Crestapol 1212 and 1214 (which contains a low profile additive for superior surface finish) are said to offer a number of advantages for pultrusion over traditional polyester and vinyl ester resins, including a tough resin matrix, improved line speed and excellent surface finish. The resin’s low viscosity allows for a wide range of filler loadings, as well as excellent wet out of glass reinforcement. For high FST performance aluminium trihydroxide (ATH) fire retardant can be incorporated at up to 200 phr. The ability to carry high ATH levels and still retain good mechanical properties means these products are good options for projects with both fire and
strength requirements. Crestapol 1212, with 170 pph ATH, was used to pultrude the 810 cm wide corrugated tunnel plates for the Pajares road tunnel project in Barcelona. In a building refurbishment project in Alicante, Spain, new façade panels were manufacturing using Crestapol 1212 by pultrusion and other processes. Using Crestapol 1212 in combination a UV resistant, marine quality gel-coat ensured that the composite panels met the required fire standard.
Bringing benefits to blades
Composites are the material of choice for the ever longer wind turbine blades being designed to harness more power from the wind. Blade designs and their associated manufacturing processes must deliver an overall package for low cost, high quality and high production volumes, scalable anywhere in the world. Prepreg and infusion are the dominant manufacturing technologies, but turbine and blade manufacturers are always looking for more cost effective and robust solutions and Dr Rakesh Raj of StrucTeam Ltd discussed the business case for pultruded blade spar caps.
Infusion is currently the dominant technology in spar cap manufacture, with only around 5% of blades prepreg-based and 5% pultrusion-based.

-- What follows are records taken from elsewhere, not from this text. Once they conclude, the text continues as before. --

section \<open>Rooted planar maps as combinatorial maps\<close>

definition orb :: "('a \<Rightarrow> 'a) \<Rightarrow> 'a \<Rightarrow> 'a set" where
  "orb f d = {(f ^^ k) d | k. True}"

definition darts :: "nat \<Rightarrow> nat set" where "darts n = {..<2*n}"

definition map_verts :: "(nat \<Rightarrow> nat) \<Rightarrow> nat set \<Rightarrow> nat set set" where
  "map_verts \<sigma> D = orb \<sigma> ` D"
definition map_faces :: "(nat \<Rightarrow> nat) \<Rightarrow> (nat \<Rightarrow> nat) \<Rightarrow> nat set \<Rightarrow> nat set set" where
  "map_faces \<sigma> \<alpha> D = orb (\<sigma> \<circ> \<alpha>) ` D"
definition map_edges :: "(nat \<Rightarrow> nat) \<Rightarrow> nat set \<Rightarrow> nat set set" where
  "map_edges \<alpha> D = (\<lambda>d. {d, \<alpha> d}) ` D"

text \<open>Rooted planar maps with n \<ge> 1 edges: vertex rotation sigma, edge involution alpha
  (fixed-point free) on the dart set, connected, of genus 0 (Euler: v - e + f = 2), root dart r
  (the root corner is the corner between r and sigma r).\<close>
definition rooted_maps :: "nat \<Rightarrow> ((nat \<Rightarrow> nat) \<times> (nat \<Rightarrow> nat) \<times> nat) set" where
  "rooted_maps n = {(\<sigma>, \<alpha>, r). \<sigma> permutes darts n \<and> \<alpha> permutes darts n \<and>
      (\<forall>d\<in>darts n. \<alpha> d \<noteq> d \<and> \<alpha> (\<alpha> d) = d) \<and> r \<in> darts n \<and>
      darts n \<subseteq> {d. (r, d) \<in> ({(a, \<sigma> a) | a. a \<in> darts n} \<union> {(a, \<alpha> a) | a. a \<in> darts n})\<^sup>*} \<and>
      card (map_verts \<sigma> (darts n)) + card (map_faces \<sigma> \<alpha> (darts n)) = n + 2}"

definition map_iso :: "nat \<Rightarrow> (((nat \<Rightarrow> nat) \<times> (nat \<Rightarrow> nat) \<times> nat) \<times> ((nat \<Rightarrow> nat) \<times> (nat \<Rightarrow> nat) \<times> nat)) set" where
  "map_iso n = {((\<sigma>, \<alpha>, r), (\<sigma>', \<alpha>', r')).
      (\<sigma>, \<alpha>, r) \<in> rooted_maps n \<and> (\<sigma>', \<alpha>', r') \<in> rooted_maps n \<and>
      (\<exists>h. bij_betw h (darts n) (darts n) \<and> h r = r' \<and>
           (\<forall>d\<in>darts n. h (\<sigma> d) = \<sigma>' (h d) \<and> h (\<alpha> d) = \<alpha>' (h d)))}"
text \<open>
  The first side condition handles a singleton outer site, where an outer birth lifts the
  potential to v; the second handles the origin together with the at most 2M + 1 outer sites
  that an occupied origin can seed.
\<close>

lemma sum_site_drift_nonpos:
  fixes \<alpha> \<beta> v c :: real
  assumes "sparse N \<xi>" "\<alpha> \<ge> 0" "\<beta> \<ge> 0" "v \<ge> 0" "c \<ge> 0"
    and escape: "-\<alpha> + c + (real N - 1) * (b / (2 * real M)) * (v + c) \<le> 0"
    and origin: "-2 * \<beta> + c * N * (1 + a) + N * (\<alpha> + c) * (2 * b) \<le> 0"
  shows "(\<Sum>x\<in>active_sites M \<xi>. site_drift N a b M (potential \<alpha> \<beta> v) c \<xi> x) \<le> 0"
proof -
  let ?A = "active_sites M \<xi>" and ?W = "{x\<in>active_sites M \<xi>. \<bar>x\<bar> \<le> int M}"
  have fin: "finite ?A" using assms(1) finite_active_sites unfolding sparse_def by auto
  define K where "K = N * outer_birth N b M (\<xi> 0) * (\<alpha> + c)"
  define P0 where "P0 = (if \<xi> 0 = 0 then 0 else -2 * \<beta> + c * N * (1 + a))"
  have K_nonneg: "0 \<le> K" unfolding K_def using outer_birth_nonneg b_pos N_ge_2 assms by simp
  have "site_drift N a b M (potential \<alpha> \<beta> v) c \<xi> x
      \<le> (if x = 0 then P0 else 0) + (if \<bar>x\<bar> \<le> int M then K else 0)" for x
    using site_drift_origin[OF assms(1,3,5), of \<alpha> v]
      site_drift_outer[OF assms(1) _ assms(2-5) escape]
      K_nonneg unfolding K_def[symmetric] P0_def[symmetric] by (cases "x = 0") auto
  then have "(\<Sum>x\<in>?A. site_drift N a b M (potential \<alpha> \<beta> v) c \<xi> x)
      \<le> (\<Sum>x\<in>?A. (if x = 0 then P0 else 0) + (if \<bar>x\<bar> \<le> int M then K else 0))"
    by (intro sum_mono)
  also have "\<dots> = (if 0 \<in> ?A then P0 else 0) + real (card ?W) * K"
    using fin by (simp add: sum.distrib sum.inter_filter[symmetric])
  finally have bound: "(\<Sum>x\<in>?A. site_drift N a b M (potential \<alpha> \<beta> v) c \<xi> x)
      \<le> (if 0 \<in> ?A then P0 else 0) + real (card ?W) * K" .
  show ?thesis
  proof (cases "\<xi> 0 = 0")
    case True
    then show ?thesis
      using bound outer_birth_single[of "\<xi> 0"] unfolding K_def P0_def by (simp split: if_split_asm)
  next
    case False
    then have "0 \<in> ?A" unfolding active_sites_def by force
    have "card ?W \<le> card {- int M .. int M}"
      by (rule card_mono) auto
    then have "real (card ?W) * K \<le> real (2 * M + 1) * K"
      using K_nonneg by (intro mult_right_mono) auto
    also have "\<dots> = N * (\<alpha> + c) * (real (2 * M + 1) * outer_birth N b M (\<xi> 0))"
      unfolding K_def by (simp add: algebra_simps)
    also have "\<dots> \<le> N * (\<alpha> + c) * (2 * b)"
      using outer_birth_window_le[OF _ N_ge_2 M_pos] assms(1) b_pos assms
      by (intro mult_left_mono) (auto simp: sparse_def)
    finally show ?thesis
      using bound origin False \<open>0 \<in> ?A\<close> unfolding P0_def by simp
  qed
qed

lemma jump_mean_potential_le:
  fixes \<alpha> \<beta> v c :: real
  assumes "sparse N \<xi>" "\<xi> \<noteq> (\<lambda>_. 0)" "\<alpha> \<ge> 0" "\<beta> \<ge> 0" "v \<ge> 0" "c \<ge> 0"
    and "-\<alpha> + c + (real N - 1) * (b / (2 * real M)) * (v + c) \<le> 0"
    and "-2 * \<beta> + c * N * (1 + a) + N * (\<alpha> + c) * (2 * b) \<le> 0"
  shows "jump_mean N a b M (potential \<alpha> \<beta> v) \<xi> \<le> potential \<alpha> \<beta> v \<xi> - c"
  using N_ge_2 assms
  by (intro jump_mean_le_of_site_drift total_rate_pos sparse_admissible sum_site_drift_nonpos) auto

The spar cap is structurally critical and pultrusion offers a level of ‘guaranteed’ quality and lower scrap rates. Pultruded solutions also offer lower overall blade cost versus infusion as well as savings in capital and operating expenditure. OEMs are actively seeking their own pultrusion solutions but without adequate supply chain positioning and relevant expertise this is challenging. They need a robust ‘off the shelf’ pultrusion product, providing specific properties, pricing and supply chain security. The Pullwind consortium – comprising StrucTeam, Olin, CPIC and DNV-GL – was established to address the challenges associated with the use of pultrusion in blades. For a typical 80 m blade, the Pullwind solution for pultruded spar cap designs enables overall cost savings of 9-12% and allows for a 10% CAPEX reduction and an overall reduction in blade weight of 3-7%. Raj notes that the best scenario is for a blade manufactured in Europe with pultruded part shipped from a low labour cost country.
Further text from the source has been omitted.